▶ _MATERIAL PROVIDED_:
lemma enc_connectives:
  "enc (fNeg a) = code_neg (enc a)"
  "enc (fAnd a b) = code_and (enc a) (enc b)"
  "enc (fOr a b) = code_or (enc a) (enc b)"
  by (simp_all add: fNeg_def fAnd_def fOr_def code_neg_def code_and_def code_or_def)

lemma enc_big_and: "enc (big_and k F) = fold_range code_and (enc fTrue) k (\<lambda>i. enc (F i))"
  by (rule fold_range_hom) (simp add: enc_connectives)

lemma enc_big_or: "enc (big_or k F) = fold_range code_or (enc FFalse) k (\<lambda>i. enc (F i))"
  by (rule fold_range_hom) (simp add: enc_connectives)

lemma enc_forall_below:
  "enc (forall_below N \<psi>) =
     fold_range (\<lambda>r i. prod_encode (4, prod_encode (i, r))) (enc \<psi>) N (\<lambda>i. i)"
  unfolding forall_below_def by (rule fold_range_hom) simp

lemmas enc_simps =
  enc.simps enc_connectives enc_big_and enc_big_or enc_forall_below if_distrib[of enc]

lemma computable_code_neg [computable_intros]:
  "computable n g \<Longrightarrow> computable n (\<lambda>xs. code_neg (g xs))"
  unfolding code_neg_def by (intro computable_intros)

lemma computable_code_and [computable_intros]:
  "computable n g \<Longrightarrow> computable n h \<Longrightarrow> computable n (\<lambda>xs. code_and (g xs) (h xs))"
  unfolding code_and_def by (intro computable_intros)

lemma computable_code_or [computable_intros]:
  "computable n g \<Longrightarrow> computable n h \<Longrightarrow> computable n (\<lambda>xs. code_or (g xs) (h xs))"
  unfolding code_or_def by (intro computable_intros)

section \<open>The axioms\<close>

text \<open>A number \<open>S\<close> stands for the set \<open>{i. bit S i}\<close>.  Each test below vanishes exactly when
  the condition it stands for holds, so that the formulas can branch on it with a computable
  \<open>if _ = 0\<close>.\<close>

definition popcount :: "nat \<Rightarrow> nat \<Rightarrow> nat" where
  "popcount N S = (\<Sum>i<N. digit S i)"

definition count_outside :: "nat \<Rightarrow> nat \<Rightarrow> nat \<Rightarrow> nat" where
  "count_outside N S c = (\<Sum>i<N. digit S i * (1 - digit c i))"

definition count_common :: "nat \<Rightarrow> nat \<Rightarrow> nat \<Rightarrow> nat" where
  "count_common N T c = (\<Sum>i<N. digit T i * digit c i)"

definition card_bound :: "enat \<Rightarrow> nat \<Rightarrow> nat" where
  "card_bound \<alpha> N = (case \<alpha> of enat a \<Rightarrow> a | \<infinity> \<Rightarrow> Suc N)"

definition up_test :: "nat \<Rightarrow> nat \<Rightarrow> nat \<Rightarrow> nat" where
  "up_test c i j = (1 - digit c i) + digit c j"

definition meet_test :: "enat \<Rightarrow> nat \<Rightarrow> nat \<Rightarrow> nat \<Rightarrow> nat \<Rightarrow> nat" where
  "meet_test \<alpha> N c S m = (Suc (popcount N S) - card_bound \<alpha> N) + count_outside N S c + digit c m"

definition join_test :: "enat \<Rightarrow> nat \<Rightarrow> nat \<Rightarrow> nat \<Rightarrow> nat \<Rightarrow> nat" where
  "join_test \<beta> N c T m =
     (Suc (popcount N T) - card_bound \<beta> N) + (1 - digit c m) + count_common N T c"

definition base_test :: "nat \<Rightarrow> nat" where
  "base_test c = (1 - digit c 0) + digit c 1"

text \<open>These formulas speak about \<open>v\<^sub>0, \<dots>, v\<^sub>N\<^sub>-\<^sub>1\<close>, so \<open>v\<^sub>N\<close> is free to serve as
  the bound variable.\<close>

definition is_meet_fm :: "nat \<Rightarrow> nat \<Rightarrow> nat \<Rightarrow> fm" where
  "is_meet_fm N S m = fAnd (big_and N (\<lambda>s. if digit S s = 0 then fTrue else FLe m s))
     (FAll N (FImp (big_and N (\<lambda>s. if digit S s = 0 then fTrue else FLe N s)) (FLe N m)))"

definition is_join_fm :: "nat \<Rightarrow> nat \<Rightarrow> nat \<Rightarrow> fm" where
  "is_join_fm N T m = fAnd (big_and N (\<lambda>s. if digit T s = 0 then fTrue else FLe s m))
     (FAll N (FImp (big_and N (\<lambda>s. if digit T s = 0 then fTrue else FLe s N)) (FLe m N)))"

definition up_closed_fm :: "nat \<Rightarrow> nat \<Rightarrow> fm" where
  "up_closed_fm N c = big_and N (\<lambda>i. big_and N (\<lambda>j.
     if up_test c i j = 0 then fNeg (FLe i j) else fTrue))"

definition meet_closed_fm :: "enat \<Rightarrow> nat \<Rightarrow> nat \<Rightarrow> fm" where
  "meet_closed_fm \<alpha> N c = big_and (2 ^ N) (\<lambda>S. big_and N (\<lambda>m.
     if meet_test \<alpha> N c S m = 0 then fNeg (is_meet_fm N S m) else fTrue))"

definition join_prime_fm :: "enat \<Rightarrow> nat \<Rightarrow> nat \<Rightarrow> fm" where
  "join_prime_fm \<beta> N c = big_and (2 ^ N) (\<lambda>T. big_and N (\<lambda>m.
     if join_test \<beta> N c T m = 0 then fNeg (is_join_fm N T m) else fTrue))"

definition colouring_fm :: "enat \<Rightarrow> enat \<Rightarrow> nat \<Rightarrow> nat \<Rightarrow> fm" where
  "colouring_fm \<alpha> \<beta> N c = (if base_test c = 0
     then fAnd (fAnd (up_closed_fm N c) (meet_closed_fm \<alpha> N c)) (join_prime_fm \<beta> N c) else FFalse)"
(* Let $K$ be a finite field, let $L$ be the quadratic extension of $K$, and let $d$ be an integer with $\gcd(d,|L|-1)=1$. Then $\sum_{a\in K^\times}W_{L,d}(a)=|L|$.
   Context: For a finite field $F$ of characteristic $p$, $\psi_F(x)=\exp(2\pi i\,\mathrm{Tr}_{F/\mathbb{F}_p}(x)/p)$; for $a\in L$, $W_{L,d}(a)=\sum_{x\in L}\psi_L(x^d+ax)$. *)

theory Defs
  imports "HOL-Analysis.Analysis"
begin

definition is_subfield :: "'a::field set \<Rightarrow> bool" where
  "is_subfield K \<longleftrightarrow> 0 \<in> K \<and> 1 \<in> K \<and>
     (\<forall>x\<in>K. \<forall>y\<in>K. x + y \<in> K \<and> x * y \<in> K) \<and>
     (\<forall>x\<in>K. - x \<in> K \<and> inverse x \<in> K)"

definition ff_degree :: "'a::{field,finite} itself \<Rightarrow> nat" where
  "ff_degree _ = (THE n. CARD('a) = CHAR('a) ^ n)"

definition abs_trace :: "'a::{field,finite} \<Rightarrow> 'a" where
  "abs_trace x = (\<Sum>i<ff_degree TYPE('a). x ^ (CHAR('a) ^ i))"

text \<open>The canonical additive character psi_F(x) = exp(2 pi i Tr(x)/p), where Tr(x),
  an element of the prime field, is identified with its representative k in {0..p-1}.\<close>
definition psi :: "'a::{field,finite} \<Rightarrow> complex" where
  "psi x = exp (2 * of_real pi * \<i> *
      of_nat (THE k. k < CHAR('a) \<and> of_nat k = abs_trace x) / of_nat CHAR('a))"

text \<open>Weil sum W_{L,d}(a) = sum over x in L of psi_L(x^d + a x); x^d for integer d
  (with the Isabelle convention 0 powi d = 0).\<close>
definition W :: "int \<Rightarrow> 'a::{field,finite} \<Rightarrow> complex" where
  "W d a = (\<Sum>x\<in>UNIV. psi (x powi d + a * x))"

▶ _EXERCISE_: All lines in the listing above should be written out again exactly.

▶ _EXERCISE RESULT_:
lemma enc_connectives:
  "enc (fNeg a) = code_neg (enc a)"
  "enc (fAnd a b) = code_and (enc a) (enc b)"
  "enc (fOr a b) = code_or (enc a) (enc b)"
  by (simp_all add: fNeg_def fAnd_def fOr_def code_neg_def code_and_def code_or_def)

lemma enc_big_and: "enc (big_and k F) = fold_range code_and (enc fTrue) k (\<lambda>i. enc (F i))"
  by (rule fold_range_hom) (simp add: enc_connectives)

lemma enc_big_or: "enc (big_or k F) = fold_range code_or (enc FFalse) k (\<lambda>i. enc (F i))"
  by (rule fold_range_hom) (simp add: enc_connectives)

lemma enc_forall_below:
  "enc (forall_below N \<psi>) =
     fold_range (\<lambda>r i. prod_encode (4, prod_encode (i, r))) (enc \<psi>) N (\<lambda>i. i)"
  unfolding forall_below_def by (rule fold_range_hom) simp

lemmas enc_simps =
  enc.simps enc_connectives enc_big_and enc_big_or enc_forall_below if_distrib[of enc]

lemma computable_code_neg [computable_intros]:
  "computable n g \<Longrightarrow> computable n (\<lambda>xs. code_neg (g xs))"
  unfolding code_neg_def by (intro computable_intros)

lemma computable_code_and [computable_intros]:
  "computable n g \<Longrightarrow> computable n h \<Longrightarrow> computable n (\<lambda>xs. code_and (g xs) (h xs))"
  unfolding code_and_def by (intro computable_intros)

lemma computable_code_or [computable_intros]:
  "computable n g \<Longrightarrow> computable n h \<Longrightarrow> computable n (\<lambda>xs. code_or (g xs) (h xs))"
  unfolding code_or_def by (intro computable_intros)

section \<open>The axioms\<close>

text \<open>A number \<open>S\<close> stands for the set \<open>{i. bit S i}\<close>.  Each test below vanishes exactly when
  the condition it stands for holds, so that the formulas can branch on it with a computable
  \<open>if _ = 0\<close>.\<close>

definition popcount :: "nat \<Rightarrow> nat \<Rightarrow> nat" where
  "popcount N S = (\<Sum>i<N. digit S i)"

definition count_outside :: "nat \<Rightarrow> nat \<Rightarrow> nat \<Rightarrow> nat" where
  "count_outside N S c = (\<Sum>i<N. digit S i * (1 - digit c i))"

definition count_common :: "nat \<Rightarrow> nat \<Rightarrow> nat \<Rightarrow> nat" where
  "count_common N T c = (\<Sum>i<N. digit T i * digit c i)"

definition card_bound :: "enat \<Rightarrow> nat \<Rightarrow> nat" where
  "card_bound \<alpha> N = (case \<alpha> of enat a \<Rightarrow> a | \<infinity> \<Rightarrow> Suc N)"

definition up_test :: "nat \<Rightarrow> nat \<Rightarrow> nat \<Rightarrow> nat" where
  "up_test c i j = (1 - digit c i) + digit c j"

definition meet_test :: "enat \<Rightarrow> nat \<Rightarrow> nat \<Rightarrow> nat \<Rightarrow> nat \<Rightarrow> nat" where
  "meet_test \<alpha> N c S m = (Suc (popcount N S) - card_bound \<alpha> N) + count_outside N S c + digit c m"

definition join_test :: "enat \<Rightarrow> nat \<Rightarrow> nat \<Rightarrow> nat \<Rightarrow> nat \<Rightarrow> nat" where
  "join_test \<beta> N c T m =
     (Suc (popcount N T) - card_bound \<beta> N) + (1 - digit c m) + count_common N T c"

definition base_test :: "nat \<Rightarrow> nat" where
  "base_test c = (1 - digit c 0) + digit c 1"

text \<open>These formulas speak about \<open>v\<^sub>0, \<dots>, v\<^sub>N\<^sub>-\<^sub>1\<close>, so \<open>v\<^sub>N\<close> is free to serve as
  the bound variable.\<close>

definition is_meet_fm :: "nat \<Rightarrow> nat \<Rightarrow> nat \<Rightarrow> fm" where
  "is_meet_fm N S m = fAnd (big_and N (\<lambda>s. if digit S s = 0 then fTrue else FLe m s))
     (FAll N (FImp (big_and N (\<lambda>s. if digit S s = 0 then fTrue else FLe N s)) (FLe N m)))"

definition is_join_fm :: "nat \<Rightarrow> nat \<Rightarrow> nat \<Rightarrow> fm" where
  "is_join_fm N T m = fAnd (big_and N (\<lambda>s. if digit T s = 0 then fTrue else FLe s m))
     (FAll N (FImp (big_and N (\<lambda>s. if digit T s = 0 then fTrue else FLe s N)) (FLe m N)))"

definition up_closed_fm :: "nat \<Rightarrow> nat \<Rightarrow> fm" where
  "up_closed_fm N c = big_and N (\<lambda>i. big_and N (\<lambda>j.
     if up_test c i j = 0 then fNeg (FLe i j) else fTrue))"

definition meet_closed_fm :: "enat \<Rightarrow> nat \<Rightarrow> nat \<Rightarrow> fm" where
  "meet_closed_fm \<alpha> N c = big_and (2 ^ N) (\<lambda>S. big_and N (\<lambda>m.
     if meet_test \<alpha> N c S m = 0 then fNeg (is_meet_fm N S m) else fTrue))"

definition join_prime_fm :: "enat \<Rightarrow> nat \<Rightarrow> nat \<Rightarrow> fm" where
  "join_prime_fm \<beta> N c = big_and (2 ^ N) (\<lambda>T. big_and N (\<lambda>m.
     if join_test \<beta> N c T m = 0 then fNeg (is_join_fm N T m) else fTrue))"

definition colouring_fm :: "enat \<Rightarrow> enat \<Rightarrow> nat \<Rightarrow> nat \<Rightarrow> fm" where
  "colouring_fm \<alpha> \<beta> N c = (if base_test c = 0
     then fAnd (fAnd (up_closed_fm N c) (meet_closed_fm \<alpha> N c)) (join_prime_fm \<beta> N c) else FFalse)"
(* Let $K$ be a finite field, let $L$ be the quadratic extension of $K$, and let $d$ be an integer with $\gcd(d,|L|-1)=1$. Then $\sum_{a\in K^\times}W_{L,d}(a)=|L|$.
   Context: For a finite field $F$ of characteristic $p$, $\psi_F(x)=\exp(2\pi i\,\mathrm{Tr}_{F/\mathbb{F}_p}(x)/p)$; for $a\in L$, $W_{L,d}(a)=\sum_{x\in L}\psi_L(x^d+ax)$. *)

theory Defs
  imports "HOL-Analysis.Analysis"
begin

definition is_subfield :: "'a::field set \<Rightarrow> bool" where
  "is_subfield K \<longleftrightarrow> 0 \<in> K \<and> 1 \<in> K \<and>
     (\<forall>x\<in>K. \<forall>y\<in>K. x + y \<in> K \<and> x * y \<in> K) \<and>
     (\<forall>x\<in>K. - x \<in> K \<and> inverse x \<in> K)"

definition ff_degree :: "'a::{field,finite} itself \<Rightarrow> nat" where
  "ff_degree _ = (THE n. CARD('a) = CHAR('a) ^ n)"

definition abs_trace :: "'a::{field,finite} \<Rightarrow> 'a" where
  "abs_trace x = (\<Sum>i<ff_degree TYPE('a). x ^ (CHAR('a) ^ i))"

text \<open>The canonical additive character psi_F(x) = exp(2 pi i Tr(x)/p), where Tr(x),
  an element of the prime field, is identified with its representative k in {0..p-1}.\<close>
definition psi :: "'a::{field,finite} \<Rightarrow> complex" where
  "psi x = exp (2 * of_real pi * \<i> *
      of_nat (THE k. k < CHAR('a) \<and> of_nat k = abs_trace x) / of_nat CHAR('a))"

text \<open>Weil sum W_{L,d}(a) = sum over x in L of psi_L(x^d + a x); x^d for integer d
  (with the Isabelle convention 0 powi d = 0).\<close>
definition W :: "int \<Rightarrow> 'a::{field,finite} \<Rightarrow> complex" where
  "W d a = (\<Sum>x\<in>UNIV. psi (x powi d + a * x))"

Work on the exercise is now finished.